WHAT IS NEEDED: Taking the line with "using \<theta> bound" as the first and the line with "cis \<psi>)) + 0)" as the last, set down exactly every line in that range from the entries below, and no more.

[RECORDS SHOWN — start]

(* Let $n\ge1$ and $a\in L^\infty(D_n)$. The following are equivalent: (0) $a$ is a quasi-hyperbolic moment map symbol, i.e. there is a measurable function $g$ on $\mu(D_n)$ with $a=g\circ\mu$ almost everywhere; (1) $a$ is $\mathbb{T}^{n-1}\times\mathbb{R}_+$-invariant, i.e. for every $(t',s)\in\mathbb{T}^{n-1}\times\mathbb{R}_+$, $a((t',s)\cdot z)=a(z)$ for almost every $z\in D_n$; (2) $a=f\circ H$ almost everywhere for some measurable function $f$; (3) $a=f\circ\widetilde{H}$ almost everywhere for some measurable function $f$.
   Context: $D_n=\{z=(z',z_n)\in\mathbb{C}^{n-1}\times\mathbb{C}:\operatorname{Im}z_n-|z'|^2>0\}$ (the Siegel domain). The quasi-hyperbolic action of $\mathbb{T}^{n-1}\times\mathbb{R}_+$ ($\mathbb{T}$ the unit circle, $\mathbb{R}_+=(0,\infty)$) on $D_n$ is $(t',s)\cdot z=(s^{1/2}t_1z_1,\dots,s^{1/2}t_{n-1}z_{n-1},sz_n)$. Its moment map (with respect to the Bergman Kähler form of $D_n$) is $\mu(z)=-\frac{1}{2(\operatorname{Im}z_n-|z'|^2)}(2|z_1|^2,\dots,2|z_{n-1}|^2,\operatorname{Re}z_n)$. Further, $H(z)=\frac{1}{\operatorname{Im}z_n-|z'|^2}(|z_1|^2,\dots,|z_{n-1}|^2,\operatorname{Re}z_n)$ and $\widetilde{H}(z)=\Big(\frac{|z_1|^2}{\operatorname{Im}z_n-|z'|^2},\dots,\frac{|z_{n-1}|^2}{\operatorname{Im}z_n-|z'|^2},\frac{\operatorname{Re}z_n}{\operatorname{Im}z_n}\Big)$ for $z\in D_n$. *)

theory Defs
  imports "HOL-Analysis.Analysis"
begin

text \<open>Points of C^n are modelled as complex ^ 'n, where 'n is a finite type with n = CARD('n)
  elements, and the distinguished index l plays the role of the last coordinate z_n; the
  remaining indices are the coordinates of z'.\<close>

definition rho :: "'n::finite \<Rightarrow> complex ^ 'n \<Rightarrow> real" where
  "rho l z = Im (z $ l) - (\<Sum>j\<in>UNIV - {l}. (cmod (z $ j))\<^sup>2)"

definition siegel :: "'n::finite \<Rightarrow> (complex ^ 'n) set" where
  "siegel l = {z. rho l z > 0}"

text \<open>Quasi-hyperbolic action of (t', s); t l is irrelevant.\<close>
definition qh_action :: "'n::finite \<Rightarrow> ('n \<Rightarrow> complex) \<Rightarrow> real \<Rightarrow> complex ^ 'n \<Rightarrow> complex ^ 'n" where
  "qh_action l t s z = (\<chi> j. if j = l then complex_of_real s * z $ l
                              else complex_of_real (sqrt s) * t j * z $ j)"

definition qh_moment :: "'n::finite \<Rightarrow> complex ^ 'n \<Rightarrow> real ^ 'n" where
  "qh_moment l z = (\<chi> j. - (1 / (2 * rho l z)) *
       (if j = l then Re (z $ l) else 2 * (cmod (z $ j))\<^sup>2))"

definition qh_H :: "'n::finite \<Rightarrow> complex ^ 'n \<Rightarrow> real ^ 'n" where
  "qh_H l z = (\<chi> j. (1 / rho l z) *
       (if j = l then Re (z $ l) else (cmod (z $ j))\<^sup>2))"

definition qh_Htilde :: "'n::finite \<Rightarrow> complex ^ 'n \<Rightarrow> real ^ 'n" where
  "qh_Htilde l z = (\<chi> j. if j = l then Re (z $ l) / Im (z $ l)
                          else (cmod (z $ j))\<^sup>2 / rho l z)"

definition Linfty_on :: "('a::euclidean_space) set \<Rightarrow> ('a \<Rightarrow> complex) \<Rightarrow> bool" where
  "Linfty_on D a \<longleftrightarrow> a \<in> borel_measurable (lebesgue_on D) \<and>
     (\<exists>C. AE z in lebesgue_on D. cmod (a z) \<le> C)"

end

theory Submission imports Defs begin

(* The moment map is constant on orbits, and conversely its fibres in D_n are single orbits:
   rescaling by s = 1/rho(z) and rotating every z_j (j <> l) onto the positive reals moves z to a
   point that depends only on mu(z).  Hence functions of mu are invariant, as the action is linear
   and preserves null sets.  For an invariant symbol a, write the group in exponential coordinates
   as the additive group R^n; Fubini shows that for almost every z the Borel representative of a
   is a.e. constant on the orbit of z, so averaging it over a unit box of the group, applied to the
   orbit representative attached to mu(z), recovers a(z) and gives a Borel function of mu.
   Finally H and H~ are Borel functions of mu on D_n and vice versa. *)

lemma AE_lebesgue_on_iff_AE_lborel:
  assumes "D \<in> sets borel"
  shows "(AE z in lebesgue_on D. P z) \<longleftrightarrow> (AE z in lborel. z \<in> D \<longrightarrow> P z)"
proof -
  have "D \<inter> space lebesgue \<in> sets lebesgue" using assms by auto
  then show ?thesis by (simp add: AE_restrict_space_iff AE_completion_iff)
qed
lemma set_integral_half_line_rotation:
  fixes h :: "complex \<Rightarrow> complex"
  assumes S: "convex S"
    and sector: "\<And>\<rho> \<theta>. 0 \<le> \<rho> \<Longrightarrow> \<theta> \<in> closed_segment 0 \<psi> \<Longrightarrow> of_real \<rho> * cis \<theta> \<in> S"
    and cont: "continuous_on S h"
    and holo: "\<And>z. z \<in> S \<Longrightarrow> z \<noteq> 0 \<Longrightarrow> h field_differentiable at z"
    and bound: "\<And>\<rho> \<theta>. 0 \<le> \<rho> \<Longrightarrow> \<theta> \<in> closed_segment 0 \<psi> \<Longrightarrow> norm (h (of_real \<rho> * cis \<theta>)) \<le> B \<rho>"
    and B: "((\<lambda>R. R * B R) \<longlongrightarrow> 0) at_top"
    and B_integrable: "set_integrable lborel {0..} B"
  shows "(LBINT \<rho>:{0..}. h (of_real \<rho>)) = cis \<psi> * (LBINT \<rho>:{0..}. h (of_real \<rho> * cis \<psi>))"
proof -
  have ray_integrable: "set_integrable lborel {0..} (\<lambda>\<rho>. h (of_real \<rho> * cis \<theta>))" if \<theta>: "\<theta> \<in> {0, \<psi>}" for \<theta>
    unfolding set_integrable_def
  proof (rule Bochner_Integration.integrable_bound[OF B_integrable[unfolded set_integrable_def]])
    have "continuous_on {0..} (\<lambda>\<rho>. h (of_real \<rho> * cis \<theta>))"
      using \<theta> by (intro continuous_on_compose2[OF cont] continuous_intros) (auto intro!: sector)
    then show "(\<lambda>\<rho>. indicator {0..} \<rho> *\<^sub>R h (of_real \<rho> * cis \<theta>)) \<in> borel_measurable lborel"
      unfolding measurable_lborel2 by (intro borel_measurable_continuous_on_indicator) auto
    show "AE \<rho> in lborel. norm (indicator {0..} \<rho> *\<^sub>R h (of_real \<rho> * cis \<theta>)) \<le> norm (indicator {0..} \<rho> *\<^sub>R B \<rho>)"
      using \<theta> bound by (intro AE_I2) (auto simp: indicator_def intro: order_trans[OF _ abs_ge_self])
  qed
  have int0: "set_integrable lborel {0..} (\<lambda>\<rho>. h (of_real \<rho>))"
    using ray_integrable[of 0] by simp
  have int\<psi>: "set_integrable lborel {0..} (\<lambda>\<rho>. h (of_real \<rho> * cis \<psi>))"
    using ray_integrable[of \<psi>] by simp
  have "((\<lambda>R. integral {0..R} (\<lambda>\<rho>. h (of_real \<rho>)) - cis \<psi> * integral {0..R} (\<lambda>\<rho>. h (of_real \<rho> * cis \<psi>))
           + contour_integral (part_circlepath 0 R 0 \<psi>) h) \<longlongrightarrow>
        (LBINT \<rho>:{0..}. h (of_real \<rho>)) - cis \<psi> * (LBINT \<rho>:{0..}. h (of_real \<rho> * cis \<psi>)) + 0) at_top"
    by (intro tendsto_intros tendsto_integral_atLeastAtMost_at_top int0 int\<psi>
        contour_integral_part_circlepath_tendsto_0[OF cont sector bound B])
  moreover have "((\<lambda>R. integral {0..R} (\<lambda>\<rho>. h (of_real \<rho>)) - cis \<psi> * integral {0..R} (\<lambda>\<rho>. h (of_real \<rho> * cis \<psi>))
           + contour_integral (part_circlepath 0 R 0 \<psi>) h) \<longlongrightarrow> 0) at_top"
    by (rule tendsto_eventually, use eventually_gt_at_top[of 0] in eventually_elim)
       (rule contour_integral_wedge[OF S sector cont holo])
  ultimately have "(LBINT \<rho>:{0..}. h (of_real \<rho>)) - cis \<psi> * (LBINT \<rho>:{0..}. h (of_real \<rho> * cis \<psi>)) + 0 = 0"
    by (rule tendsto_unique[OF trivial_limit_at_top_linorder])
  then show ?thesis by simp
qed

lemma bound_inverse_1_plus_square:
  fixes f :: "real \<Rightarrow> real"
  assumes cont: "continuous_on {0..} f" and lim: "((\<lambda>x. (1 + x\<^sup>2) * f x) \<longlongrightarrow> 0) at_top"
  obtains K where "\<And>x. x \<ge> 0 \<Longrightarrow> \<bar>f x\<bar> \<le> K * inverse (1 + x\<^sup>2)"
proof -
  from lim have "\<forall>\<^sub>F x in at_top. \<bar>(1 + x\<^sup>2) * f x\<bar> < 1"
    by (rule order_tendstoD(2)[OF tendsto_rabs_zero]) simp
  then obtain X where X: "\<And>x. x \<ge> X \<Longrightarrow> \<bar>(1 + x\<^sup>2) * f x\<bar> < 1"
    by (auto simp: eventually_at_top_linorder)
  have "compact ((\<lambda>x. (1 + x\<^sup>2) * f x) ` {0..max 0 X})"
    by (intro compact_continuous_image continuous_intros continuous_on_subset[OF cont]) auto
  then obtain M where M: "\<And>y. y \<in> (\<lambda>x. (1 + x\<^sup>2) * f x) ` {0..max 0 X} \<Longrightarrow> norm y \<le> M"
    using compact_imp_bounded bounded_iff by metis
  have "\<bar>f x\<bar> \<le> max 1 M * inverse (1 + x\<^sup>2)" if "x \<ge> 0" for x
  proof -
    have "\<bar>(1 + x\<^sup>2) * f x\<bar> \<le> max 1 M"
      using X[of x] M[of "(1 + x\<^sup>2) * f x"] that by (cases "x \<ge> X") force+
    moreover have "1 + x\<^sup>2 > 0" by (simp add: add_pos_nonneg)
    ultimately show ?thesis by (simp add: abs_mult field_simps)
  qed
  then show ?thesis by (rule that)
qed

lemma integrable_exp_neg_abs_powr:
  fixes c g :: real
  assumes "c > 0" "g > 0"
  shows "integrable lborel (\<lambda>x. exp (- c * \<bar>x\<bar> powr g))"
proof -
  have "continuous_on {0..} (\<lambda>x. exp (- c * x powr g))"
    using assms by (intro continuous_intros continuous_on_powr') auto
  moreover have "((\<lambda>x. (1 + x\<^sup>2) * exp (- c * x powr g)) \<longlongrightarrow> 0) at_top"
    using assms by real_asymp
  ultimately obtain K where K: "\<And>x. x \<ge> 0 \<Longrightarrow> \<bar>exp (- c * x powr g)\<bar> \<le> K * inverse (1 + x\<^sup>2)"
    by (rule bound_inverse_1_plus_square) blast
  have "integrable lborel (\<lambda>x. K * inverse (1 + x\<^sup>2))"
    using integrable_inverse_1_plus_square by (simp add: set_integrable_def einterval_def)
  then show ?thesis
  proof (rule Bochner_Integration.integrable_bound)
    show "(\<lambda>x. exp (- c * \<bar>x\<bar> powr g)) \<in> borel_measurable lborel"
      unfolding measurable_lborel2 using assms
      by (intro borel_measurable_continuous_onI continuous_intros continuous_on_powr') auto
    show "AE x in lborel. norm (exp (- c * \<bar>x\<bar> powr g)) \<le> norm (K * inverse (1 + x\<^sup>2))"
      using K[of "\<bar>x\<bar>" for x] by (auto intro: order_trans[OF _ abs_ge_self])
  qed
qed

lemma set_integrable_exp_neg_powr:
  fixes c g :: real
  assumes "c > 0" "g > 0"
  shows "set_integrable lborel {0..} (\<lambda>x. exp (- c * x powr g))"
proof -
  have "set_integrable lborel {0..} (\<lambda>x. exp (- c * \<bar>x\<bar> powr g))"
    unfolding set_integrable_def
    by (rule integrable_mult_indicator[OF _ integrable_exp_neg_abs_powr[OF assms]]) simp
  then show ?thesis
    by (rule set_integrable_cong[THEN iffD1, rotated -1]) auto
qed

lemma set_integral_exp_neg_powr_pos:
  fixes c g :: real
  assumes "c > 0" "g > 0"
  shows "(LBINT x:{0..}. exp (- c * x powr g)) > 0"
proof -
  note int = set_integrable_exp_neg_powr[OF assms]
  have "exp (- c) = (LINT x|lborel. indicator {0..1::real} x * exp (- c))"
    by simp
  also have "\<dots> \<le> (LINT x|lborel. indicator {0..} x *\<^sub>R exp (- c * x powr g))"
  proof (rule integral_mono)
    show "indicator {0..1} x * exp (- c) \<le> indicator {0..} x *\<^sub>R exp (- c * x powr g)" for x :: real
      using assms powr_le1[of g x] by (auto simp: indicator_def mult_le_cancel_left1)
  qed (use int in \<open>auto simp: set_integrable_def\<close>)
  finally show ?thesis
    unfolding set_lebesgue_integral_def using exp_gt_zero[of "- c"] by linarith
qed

[RECORDS SHOWN — finish]

RESPONSE BELOW:
      using \<theta> bound by (intro AE_I2) (auto simp: indicator_def intro: order_trans[OF _ abs_ge_self])
  qed
  have int0: "set_integrable lborel {0..} (\<lambda>\<rho>. h (of_real \<rho>))"
    using ray_integrable[of 0] by simp
  have int\<psi>: "set_integrable lborel {0..} (\<lambda>\<rho>. h (of_real \<rho> * cis \<psi>))"
    using ray_integrable[of \<psi>] by simp
  have "((\<lambda>R. integral {0..R} (\<lambda>\<rho>. h (of_real \<rho>)) - cis \<psi> * integral {0..R} (\<lambda>\<rho>. h (of_real \<rho> * cis \<psi>))
           + contour_integral (part_circlepath 0 R 0 \<psi>) h) \<longlongrightarrow>
        (LBINT \<rho>:{0..}. h (of_real \<rho>)) - cis \<psi> * (LBINT \<rho>:{0..}. h (of_real \<rho> * cis \<psi>)) + 0) at_top"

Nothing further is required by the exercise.